The general rule we have around our house about our boy: If you don't see him or hear him, he's getting into trouble. 
You probably need to re-evaluate your routine. Vizslas are a high energy and intelligent breed and they take a lot of work. It could partially be the move and him not being comfortable, but most likely he's not getting enough interaction/challenge. (Does he gets a reaction every time he's chewing on clothes/shoes? If so, that could exacerbate the issue) Try working your schedule to create more time for hikes, training sessions, and general interactions. You need to make him work his mind as well as his body. Start playing "find it" around the house with kibble and treats. Get him a treat/food ball for snacks or meals. Most of all, spend time with your pup.


----------



## AcadianTornado (Jul 30, 2012)

Perhaps you're right, I haven't been able to spend as much time with him as of late seeing as though we moved into our new home.

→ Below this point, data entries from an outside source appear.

(* Let $S=(P,L)$ be a slim dense near hexagon, let $Q_1,Q_2$ be two disjoint big quads of $S$, and let $Y$ be the subspace of $S$ generated by $Q_1\cup Q_2$. For $\{i,j\}=\{1,2\}$ and $x\in P\setminus Y$, let $x^{j}$ denote the unique point of $Q_j$ at distance $1$ from $x$, and for $y\in Q_i$ let $z_y$ denote the unique point of $Q_j$ at distance $1$ from $y$. Let $\ell$ be a line of $S$ disjoint from $Y$ and let $x,y\in\ell$ with $x\neq y$. Then the line $x^{1}y^{1}$ equals the line $x^{1}z_{x^{2}}$ if and only if the line $x^{2}y^{2}$ equals the line $x^{2}z_{x^{1}}$. Moreover, if $x^{1}y^{1}=x^{1}z_{x^{2}}$, then $(y^{1},y^{2})=(z_{x^{2}},\,x^{2}\ast z_{x^{1}})$ or $(y^1,y^2)=(x^{1}\ast z_{x^{2}},\,z_{x^{1}})$.
   Context: A slim partial linear space has exactly $3$ points per line; for distinct collinear points $u,v$, $uv$ denotes the line through them and $u\ast v$ the third point of that line. $d$ is the distance in the collinearity graph. A near hexagon is a connected partial linear space of diameter $3$ with no point collinear with all others such that every point has a unique nearest point on every line. A quad is a convex subset of diameter $2$ in which no point is collinear with all others; the near hexagon is dense if any two points at distance $2$ lie in a quad. A quad $Q$ is big if every point of $S$ has distance at most $1$ from $Q$. A subspace is a set of points containing every line meeting it in at least two points; the subspace generated by a set is the intersection of all subspaces containing it. *)

theory Defs
  imports Main
begin

definition partial_linear_space :: "'a set \<Rightarrow> 'a set set \<Rightarrow> bool" where
  "partial_linear_space P L \<longleftrightarrow>
     (\<forall>l\<in>L. l \<subseteq> P \<and> finite l \<and> card l \<ge> 2) \<and>
     (\<forall>l\<in>L. \<forall>m\<in>L. \<forall>u v. u \<noteq> v \<and> u \<in> l \<and> v \<in> l \<and> u \<in> m \<and> v \<in> m \<longrightarrow> l = m)"

definition slim_pls :: "'a set \<Rightarrow> 'a set set \<Rightarrow> bool" where
  "slim_pls P L \<longleftrightarrow> partial_linear_space P L \<and> (\<forall>l\<in>L. card l = 3)"

definition adj :: "'a set set \<Rightarrow> 'a \<Rightarrow> 'a \<Rightarrow> bool" where
  "adj L u v \<longleftrightarrow> u \<noteq> v \<and> (\<exists>l\<in>L. u \<in> l \<and> v \<in> l)"

definition dist :: "'a set set \<Rightarrow> 'a \<Rightarrow> 'a \<Rightarrow> nat" where
  "dist L u v = (LEAST n. (adj L ^^ n) u v)"

definition line_through :: "'a set set \<Rightarrow> 'a \<Rightarrow> 'a \<Rightarrow> 'a set" where
  "line_through L u v = (THE l. l \<in> L \<and> u \<in> l \<and> v \<in> l)"

definition third :: "'a set set \<Rightarrow> 'a \<Rightarrow> 'a \<Rightarrow> 'a" where
  "third L u v = (THE w. w \<in> line_through L u v \<and> w \<noteq> u \<and> w \<noteq> v)"

definition near_hexagon :: "'a set \<Rightarrow> 'a set set \<Rightarrow> bool" where
  "near_hexagon P L \<longleftrightarrow>
     partial_linear_space P L \<and>
     (\<forall>x\<in>P. \<forall>y\<in>P. \<exists>n. (adj L ^^ n) x y) \<and>
     (\<forall>x\<in>P. \<forall>y\<in>P. dist L x y \<le> 3) \<and> (\<exists>x\<in>P. \<exists>y\<in>P. dist L x y = 3) \<and>
     \<not> (\<exists>x\<in>P. \<forall>y\<in>P. y \<noteq> x \<longrightarrow> adj L x y) \<and>
     (\<forall>x\<in>P. \<forall>l\<in>L. \<exists>!y. y \<in> l \<and> (\<forall>z\<in>l. z \<noteq> y \<longrightarrow> dist L x y < dist L x z))"

definition convex :: "'a set \<Rightarrow> 'a set set \<Rightarrow> 'a set \<Rightarrow> bool" where
  "convex P L X \<longleftrightarrow> X \<subseteq> P \<and>
     (\<forall>x\<in>X. \<forall>y\<in>X. \<forall>z\<in>P. dist L x z + dist L z y = dist L x y \<longrightarrow> z \<in> X)"
(* Let $\rho$ satisfy (A1) and let $a>0$, $b>0$ satisfy $a,b\notin\Lambda(L)$, $\rho_1<a<b^+-b$ and $(a,b)\cap\Lambda(L)\neq\emptyset$. Then there exist $\gamma_1,\gamma_2>0$ such that $$\langle(L-a-b)u,u\rangle\le-\gamma_1\|u\|_E^2\quad\forall u\in E_1\oplus E_2,\qquad \langle(L-a-b)u,u\rangle\ge\gamma_2\|u\|_E^2\quad\forall u\in E_3.$$
   Context: $T=2\pi p/q$ ($p,q$ coprime positive integers), $\Omega=(0,T)\times(0,\pi)$, $L^2(\Omega)$ weighted by $\rho$. (A1): $\rho\in H^2(0,\pi)$, $\rho>0$ on $[0,\pi]$, $\rho_0:=\operatorname{ess\,inf}\eta_\rho>0$ with $\eta_\rho=\frac12\rho''/\rho-\frac14(\rho'/\rho)^2$; $\rho_1=\frac2\pi\int_0^\pi\eta_\rho$. $L$ is the self-adjoint extension in $L^2(\Omega)$ of $\rho^{-1}(\rho\psi_{tt}-(\rho\psi_x)_x)$ (Dirichlet in $x$, $T$-periodic in $t$), with orthonormal eigenbasis $\phi_m(t)\varphi_n(x)$, $\phi_m=T^{-1/2}e^{i2m\pi t/T}$, $\varphi_n$ the Dirichlet eigenfunctions of $-(\rho\varphi')'=\lambda_n^2\rho\varphi$, eigenvalues $\lambda_{nm}=\lambda_n^2-(2m\pi/T)^2$, $\Lambda(L)=\{\lambda_{nm}\}$; $b^+=\min\{\lambda\in\Lambda(L):\lambda>b\}$. For $u\in L^2(\Omega)$ let $\alpha_{nm}=\int_\Omega u\varphi_n\bar\phi_m\rho$. $E=\{u:\|u\|_E^2=\sum|\lambda_{nm}-a||\alpha_{nm}|^2<\infty\}$; $\langle(L-a-b)u,u\rangle=\sum(\lambda_{nm}-a-b)|\alpha_{nm}|^2$. $E_1,E_2,E_3$ are the closed subspaces of $E$ spanned by the $\phi_m\varphi_n$ with $\lambda_{nm}<a$, $a<\lambda_{nm}<b$, $\lambda_{nm}>b$ respectively. *)

theory Defs
  imports "HOL-Analysis.Analysis"
begin
(* Assume $\mathscr{R}_0>\frac{\sigma_m(\mu+r)C_I}{\mu\beta}$ (equivalently $C_I<\frac{\beta A}{(\mu+r)(\mu+\beta+\rho)}$) and $$C_I\le\frac{\mu^2}{\mu+r}\left(\sqrt{\frac{\beta}{\mu\sigma_m}+\frac{1}{\sigma_s}}-\sqrt{\frac{1}{\sigma_s}}\right)^2.$$ Then, with $K=1+\frac{\sigma_m(\mu+r)}{\mu\beta}C_I$: if $(\sqrt p+\sqrt q)^2\le\mathscr{R}_0\le1$, $E^*$ is not an endemic equilibrium but $E_1^*$ and $E_2^*$ are; if $1<\mathscr{R}_0<K$, all of $E^*,E_1^*,E_2^*$ are endemic equilibria; if $\mathscr{R}_0=K$, $E^*$ and $E_1^*$ are endemic equilibria but $E_2^*$ is not; if $\mathscr{R}_0>K$, $E_1^*$ is the unique endemic equilibrium.
   Context: Let $A,\sigma_m,\sigma_s,\mu,\rho,\beta,r,C_I$ be positive constants. Write $[x]^+=\max\{0,x\}$ and $T(I_s)=rI_s$ if $I_s<C_I$, $T(I_s)=rC_I$ if $I_s\ge C_I$. System (3) is $$S'=A-\sigma_mSI_m-\sigma_sS[I_s-C_I]^+-\mu S,\quad I_m'=\sigma_mSI_m+\sigma_sS[I_s-C_I]^+-(\mu+\rho+\beta)I_m,\quad I_s'=\beta I_m-T(I_s)-\mu I_s.$$ $\mathscr{R}_0=\frac{A\sigma_m}{\mu(\mu+\beta+\rho)}$. An endemic equilibrium is an equilibrium of (3) with $S,I_m,I_s>0$. $E^*=(S^*,I_m^*,I_s^* )$ with $S^*=\frac{\mu+\beta+\rho}{\sigma_m}$, $I_m^*=\frac{\mu(\mathscr{R}_0-1)}{\sigma_m}$, $I_s^*=\frac{\mu\beta(\mathscr{R}_0-1)}{\sigma_m(\mu+r)}$. Let $p=\frac{(\mu+r)\sigma_m\sigma_sC_I}{\mu(\mu\sigma_m+\beta\sigma_s)}$, $q=\frac{\mu\sigma_m}{\mu\sigma_m+\beta\sigma_s}$, and $S_{1,2}^*=\frac{\mu+\beta+\rho}{2\sigma_m}\big\{\mathscr{R}_0-p+q\mp\sqrt{(\mathscr{R}_0-p-q)^2-4pq}\big\}$ (minus sign for $S_1^*$, plus for $S_2^*$), $I_{m_i}^*=\frac{\mu\mathscr{R}_0}{\sigma_m}-\frac{\mu S_i^*}{\mu+\beta+\rho}$, $I_{s_i}^*=\frac{\beta\mathscr{R}_0}{\sigma_m}-\frac{\beta S_i^*}{\mu+\beta+\rho}-\frac{rC_I}{\mu}$, $E_i^*=(S_i^*,I_{m_i}^*,I_{s_i}^* )$, $i=1,2$. "$E_i^*$ exists" / "$E_i^*$ is an endemic equilibrium" means $S_i^*$ is real, $S_i^*>0$, $I_{m_i}^*>0$ and $I_{s_i}^*>C_I$; "$E^*$ exists" means $E^*$ is an endemic equilibrium. *)

theory Defs
  imports Complex_Main
begin
definition Umat :: "real \<Rightarrow> real \<Rightarrow> real \<Rightarrow> real^(3+3)^(3+3)" where
  "Umat k1 k2 b = blk (2 * (k1 + k1^2 * k2) * b)
                      ((k1^2 + 2*k1*k2 + 1) * b - k1^2 - 1)
                      ((k1^2 + 2*k1*k2 + 1) * b - k1^2 - 1)
                      (2 * ((k1 + k2) * b - k1))"

definition psi :: "(nat \<Rightarrow> real \<Rightarrow> real^3) \<Rightarrow> real \<Rightarrow> real \<Rightarrow> nat \<Rightarrow> real \<Rightarrow> real \<Rightarrow> real" where
  "psi w \<rho> \<theta> j s t =
     norm1 (w j t) / (norm (w j t) - \<rho> * s * exp (- \<theta> * t)) ^ 3
     - norm1 (w j t) / norm (w j t) ^ 3
     + sqrt 3 * \<rho> * s * exp (- \<theta> * t) / (norm (w j t) - \<rho> * s * exp (- \<theta> * t)) ^ 3"

text \<open>phi(s) = max over t in [0,ts] of the sum (rendered as the supremum, which is attained).\<close>
definition phi :: "nat \<Rightarrow> (nat \<Rightarrow> real) \<Rightarrow> (nat \<Rightarrow> real \<Rightarrow> real^3) \<Rightarrow> real \<Rightarrow> real \<Rightarrow> real \<Rightarrow> real \<Rightarrow> real" where
  "phi P \<mu> w \<rho> \<theta> ts s = (SUP t\<in>{0..ts}. (\<Sum>j=1..P. \<mu> j * psi w \<rho> \<theta> j s t))"

end

theory Submission
  imports Defs
begin

(* The quadratic form V(z) = z' X z = |z1|^2 + |k1 z1 + z2|^2 is a Lyapunov function of the
   relieved closed loop: the control cancels f_a, and along solutions V' = - z' U(beta(t)) z.
   Since beta_min > beta_crit, U(beta_min) is positive definite, and the form of U(beta) is
   affine in beta, so it dominates 2 theta V for every beta(t) in [beta_min, 1]. Hence V decays
   like exp(-2 theta t) and |z1(t)| <= rho |z0| exp(-theta t) < r stays away from every w_j.
   Each term of f_a is then bounded via the triangle inequality and the convexity of 1/x^3,
   which gives psi_j, and the continuous sum of the psi_j is bounded by its maximum phi. *)

section \<open>Block vectors and block matrices\<close>

lemma sum_UNIV_sum:
  "sum f (UNIV :: ('a::finite + 'b::finite) set) = (\<Sum>p\<in>UNIV. f (Inl p)) + (\<Sum>q\<in>UNIV. f (Inr q))"
  using sum.Plus[of "UNIV :: 'a set" "UNIV :: 'b set" f] by (simp add: comp_def)

lemma stack_nth [simp]: "stack x y $ Inl p = x $ p" "stack x y $ Inr q = y $ q"
  by (simp_all add: stack_def)

lemma stack_eq_iff [simp]: "stack x y = stack x' y' \<longleftrightarrow> x = x' \<and> y = y'"
  by (simp add: vec_eq_iff split_sum_all)

lemma stack_cases: obtains x y where "v = stack x y"
proof
  show "v = stack (\<chi> p. v $ Inl p) (\<chi> q. v $ Inr q)"
    by (simp add: vec_eq_iff split_sum_all)
qed

lemma stack_zero [simp]: "stack 0 0 = 0"
  by (simp add: vec_eq_iff split_sum_all)

lemma scaleR_stack: "c *\<^sub>R stack x y = stack (c *\<^sub>R x) (c *\<^sub>R y)"
  by (simp add: vec_eq_iff split_sum_all)

lemma inner_stack: "stack x y \<bullet> stack x' y' = x \<bullet> x' + y \<bullet> y'"
  by (simp add: inner_vec_def sum_UNIV_sum)

lemma blk_mult_stack:
  "blk a b c d *v stack x y = stack (a *\<^sub>R x + b *\<^sub>R y) (c *\<^sub>R x + d *\<^sub>R y)"
  by (simp add: vec_eq_iff split_sum_all matrix_vector_mult_def blk_def sum_UNIV_sum
      if_distrib [of "\<lambda>u. u * _"] cong: if_cong)

lemma inner_blk_mult_stack:
  "stack x y \<bullet> (blk a b b d *v stack x y) = a * (x \<bullet> x) + 2 * b * (x \<bullet> y) + d * (y \<bullet> y)"
  by (simp add: blk_mult_stack inner_stack inner_add_right inner_commute algebra_simps)

text \<open>The eigenvalues of \<open>[[a, b], [b, d]]\<close>, whose Kronecker product with the \<open>3 \<times> 3\<close>
  identity is \<open>blk a b b d\<close>.\<close>
definition eig2_min :: "real \<Rightarrow> real \<Rightarrow> real \<Rightarrow> real" where
  "eig2_min a b d = (a + d) / 2 - sqrt (((a - d) / 2)^2 + b^2)"

definition eig2_max :: "real \<Rightarrow> real \<Rightarrow> real \<Rightarrow> real" where
  "eig2_max a b d = (a + d) / 2 + sqrt (((a - d) / 2)^2 + b^2)"

lemma char_eq_iff_eig2:
  "(a - l) * (d - l) = b^2 \<longleftrightarrow> l = eig2_min a b d \<or> l = eig2_max a b d"
proof -
  define S where "S = sqrt (((a - d) / 2)^2 + b^2)"
  have "S^2 = ((a - d) / 2)^2 + b^2"
    unfolding S_def by simp
  then have "(a - l) * (d - l) - b^2 = (l - (a + d) / 2)^2 - S^2"
    by (simp add: power2_eq_square field_simps)
  then have "(a - l) * (d - l) = b^2 \<longleftrightarrow> (l - (a + d) / 2)^2 = S^2"
    by linarith
  also have "\<dots> \<longleftrightarrow> l - (a + d) / 2 = S \<or> l - (a + d) / 2 = - S"
    by (rule power2_eq_iff)
  finally show ?thesis
    unfolding eig2_min_def eig2_max_def S_def[symmetric] by linarith
qed

lemma eig2_min_le_eig2_max: "eig2_min a b d \<le> eig2_max a b d"
  by (simp add: eig2_min_def eig2_max_def)

lemma eig2_min_le_diag: "eig2_min a b d \<le> a" "eig2_min a b d \<le> d"
  and eig2_max_ge_diag: "a \<le> eig2_max a b d" "d \<le> eig2_max a b d"
proof -
  define S where "S = sqrt (((a - d) / 2)^2 + b^2)"
  have "\<bar>(a - d) / 2\<bar> \<le> S"
    unfolding S_def by (metis real_sqrt_abs real_sqrt_le_mono le_add_same_cancel1 zero_le_power2)
  then show "eig2_min a b d \<le> a" "eig2_min a b d \<le> d" "a \<le> eig2_max a b d" "d \<le> eig2_max a b d"
    unfolding eig2_min_def eig2_max_def S_def[symmetric] by (auto simp: abs_le_iff field_simps)
qed
(* Let $R\ge2$ and let $\mu$ be the hook partition of $2^{R-1}$ with $H(\mu)=\{2^{R-1},b,b-1,\dots,1\}$, where $0\le b\le2^{R-1}-1$ ($b=0$ meaning $H(\mu)=\{2^{R-1}\}$). Then \[ S_{P_1(\mu)}(\mu)=\begin{cases}1,&b\text{ even},\\2,&b\text{ odd}.\end{cases} \]
   Context: $f^\lambda$ is the number of standard Young tableaux of shape $\lambda$; $\mathrm{Od}(N)=\pm1$ according as the odd part of $N\ge1$ is $\equiv1$ or $\equiv3\pmod4$. For $\lambda=(\lambda_1\ge\dots\ge\lambda_k>0)$, $H(\lambda):=\{\lambda_i+k-i\}$. $P_1(\mu)$ is the set of partitions $\lambda$ with $H(\lambda)=(H(\mu)\cup\{x+2^R\})\setminus\{x\}$ for some $x\in H(\mu)$ (Type I $2^R$-parents). For a finite set $L$ of partitions, $S_L(\mu):=\frac{1}{\mathrm{Od}(f^\mu)}\sum_{\lambda\in L}\mathrm{Od}(f^\lambda)$. *)

theory Defs
  imports Complex_Main "HOL-Library.FuncSet" "HOL-Computational_Algebra.Primes"
begin

definition is_partition :: "nat list \<Rightarrow> bool" where
  "is_partition lam \<longleftrightarrow> sorted_wrt (\<ge>) lam \<and> (\<forall>x\<in>set lam. 0 < x)"

definition cells :: "nat list \<Rightarrow> (nat \<times> nat) set" where
  "cells lam = {(i, j). i < length lam \<and> j < lam ! i}"

definition SYT :: "nat list \<Rightarrow> ((nat \<times> nat) \<Rightarrow> nat) set" where
  "SYT lam = {T \<in> cells lam \<rightarrow>\<^sub>E {1..sum_list lam}.
      bij_betw T (cells lam) {1..sum_list lam} \<and>
      (\<forall>i j. (i, j + 1) \<in> cells lam \<longrightarrow> T (i, j) < T (i, j + 1)) \<and>
      (\<forall>i j. (i + 1, j) \<in> cells lam \<longrightarrow> T (i, j) < T (i + 1, j))}"

definition f_syt :: "nat list \<Rightarrow> nat" where
  "f_syt lam = card (SYT lam)"

definition odd_part :: "nat \<Rightarrow> nat" where
  "odd_part N = N div 2 ^ multiplicity (2::nat) N"

definition Od :: "nat \<Rightarrow> int" where
  "Od N = (if odd_part N mod 4 = 1 then 1 else -1)"

text \<open>H(lambda) = {lambda_i + k - i}, 1-indexed i; here 0-indexed.\<close>
definition H :: "nat list \<Rightarrow> nat set" where
  "H lam = {lam ! i + length lam - 1 - i | i. i < length lam}"

definition P1 :: "nat \<Rightarrow> nat list \<Rightarrow> nat list set" where
  "P1 R mu = {lam. is_partition lam \<and>
      (\<exists>x\<in>H mu. H lam = (H mu \<union> {x + 2 ^ R}) - {x})}"

definition S :: "nat list set \<Rightarrow> nat list \<Rightarrow> real" where
  "S L mu = (\<Sum>lam\<in>L. real_of_int (Od (f_syt lam))) / real_of_int (Od (f_syt mu))"

end

theory Submission
  imports Defs
begin

text \<open>With \<open>N = 2^(R-1)\<close>, the condition on \<open>H \<mu>\<close> forces \<open>\<mu>\<close> to be the hook
  \<open>(N - b, 1^b)\<close>. Its Type I parents are the hook \<open>(3N - b, 1^b)\<close> (moving the hook length
  \<open>N\<close>) and, for \<open>1 \<le> x \<le> b\<close>, the shape \<open>(x + 2N - b, N - b + 1, 2^(b-x), 1^(x-1))\<close>.
  Their numbers of standard tableaux come from the hook length formula, which for these two
  families is proved by induction via the branching rule (remove the cell holding the largest
  entry). Up to the sign \<open>Od\<close> of \<open>f\<^sup>\<mu> = C(N-1, b)\<close>, the first parent contributes \<open>+1\<close> and the
  \<open>x\<close>-th one \<open>(-1)^(b-x)\<close>: this rests on \<open>Od C(2N-1, m) = (-1)^m\<close> and \<open>Od C(3N, N) = -1\<close>,
  consequences of \<open>Od (2^(r+1) - a) = - Od a\<close> for \<open>0 < a < 2^r\<close>. The alternating sum over
  \<open>x\<close> is 0 or 1 according to the parity of \<open>b\<close>.\<close>

section \<open>Standard tableaux on sets of cells\<close>

text \<open>Tableaux are defined on arbitrary cell sets so that corners can be removed; on the diagram of
  a partition they are the tableaux counted by \<open>f_syt\<close> (see \<open>f_syt_eq_card_tableaux\<close>).\<close>

definition tableaux :: "(nat \<times> nat) set \<Rightarrow> ((nat \<times> nat) \<Rightarrow> nat) set" where
  "tableaux D = {T \<in> D \<rightarrow>\<^sub>E {1..card D}. bij_betw T D {1..card D} \<and>
      (\<forall>i j. (i, j + 1) \<in> D \<longrightarrow> T (i, j) < T (i, j + 1)) \<and>
      (\<forall>i j. (i + 1, j) \<in> D \<longrightarrow> T (i, j) < T (i + 1, j))}"
text \<open>By \<open>conj_bounded_scaleR_diff\<close>, conjugate bounds make \<open>g\<close> and \<open>g'\<close> almost positively homogeneous,
  so closeness on a large enough ball propagates along rays.\<close>

lemma conj_bounded_diff_le_weighted:
  assumes g: "conj_bounded g \<mu>" and g': "conj_bounded g' \<mu>'" and M: "\<mu> \<le> M" "\<mu>' \<le> M"
    and e: "0 < e" "e + 2 * M \<le> e * R"
    and ball: "\<And>p. norm p \<le> R \<Longrightarrow> \<bar>g p - g' p\<bar> \<le> e"
  shows "\<bar>g p - g' p\<bar> \<le> e * (1 + norm p)"
proof (cases "norm p \<le> R")
  case True
  have "e * 1 \<le> e * (1 + norm p)" using e(1) by (intro mult_left_mono) auto
  then show ?thesis using ball[OF True] by simp
next
  case False
  have M0: "0 \<le> M" using conj_bounded_nonneg[OF g] M(1) by linarith
  then have "1 \<le> R" using e by (smt (verit) mult_le_cancel_left1)
  then have p: "R < norm p" "0 < norm p" using False by linarith+
  define s where "s = norm p / R"
  define w where "w = (R / norm p) *\<^sub>R p"
  have s: "1 \<le> s" unfolding s_def using p \<open>1 \<le> R\<close> by simp
  have sw: "s *\<^sub>R w = p" unfolding s_def w_def using p \<open>1 \<le> R\<close> by simp
  have "norm w = R" unfolding w_def using p \<open>1 \<le> R\<close> by simp
  then have "\<bar>s * g w - s * g' w\<bar> \<le> s * e"
    using ball[of w] s by (simp add: abs_mult flip: right_diff_distrib)
  moreover have "\<bar>g (s *\<^sub>R w) - s * g w\<bar> \<le> (s - 1) * M" "\<bar>g' (s *\<^sub>R w) - s * g' w\<bar> \<le> (s - 1) * M"
    using conj_bounded_scaleR_diff[OF g s, of w] conj_bounded_scaleR_diff[OF g' s, of w]
      mult_left_mono[OF M(1), of "s - 1"] mult_left_mono[OF M(2), of "s - 1"] s by linarith+
  moreover have "\<bar>g (s *\<^sub>R w) - g' (s *\<^sub>R w)\<bar>
      \<le> \<bar>g (s *\<^sub>R w) - s * g w\<bar> + \<bar>s * g w - s * g' w\<bar> + \<bar>g' (s *\<^sub>R w) - s * g' w\<bar>"
    by arith
  ultimately have "\<bar>g p - g' p\<bar> \<le> s * (e + 2 * M)"
    unfolding sw[symmetric] using M0 by (simp add: algebra_simps)
  also have "\<dots> \<le> s * (e * R)" using e(2) s by (intro mult_left_mono) auto
  also have "\<dots> = e * norm p" unfolding s_def using \<open>1 \<le> R\<close> by simp
  also have "\<dots> \<le> e * (1 + norm p)" using e(1) by simp
  finally show ?thesis .
qed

Thought maybe that it was also an age energy related issue. It's insane how he is driven to follow me around! I can't go to the washroom without him moaning to be in there with me. Then again, I am still waiting for him to get to the magic age of being able to run/jog with me. He'll be a year old in May. I have showered the three floors of the home with chew toys and toys so that he has something on every level. Still need to fence in the yard seeing as though there are sooooo many young families around our new place (can't even think of letting him loose in the backyard). Data, a great Dane's pace for myself and number 2 dog would sure be fun right about now  On the flip side, I find he's so bright sometimes that even I don't know what to do with him (even got LuLus 101 dog tricks book...)..


----------



## datacan (May 15, 2011)

Last year we fenced in my wife's properly and built a deck. Before that it was impossible and had to go with him every time. He played with the kids but if he wasn't welcome if he soiled other's yard. 

Sam became 2 in February, and finally mature enough. He sits beside us as we work, after his run(s)...
I miss his baby days.


----------



## tknafox2 (Apr 2, 2013)

If you need to sit at your desk, TV, or read the newspaper...get the toybox and put it by your side... just toss the toys
across the room, or out the door... v will go get them and love it! If v doesnt give you the toy... just toss a different one, empty the box and then go fill it up again and play all over... v will eventully tire, give v a treat and put his blanket over his head. THEY ARE SO SMART ... they will have this figured out in no time. My V used to play just a little while, get the treat and then go take a snooze! She was just 2 yrs.


----------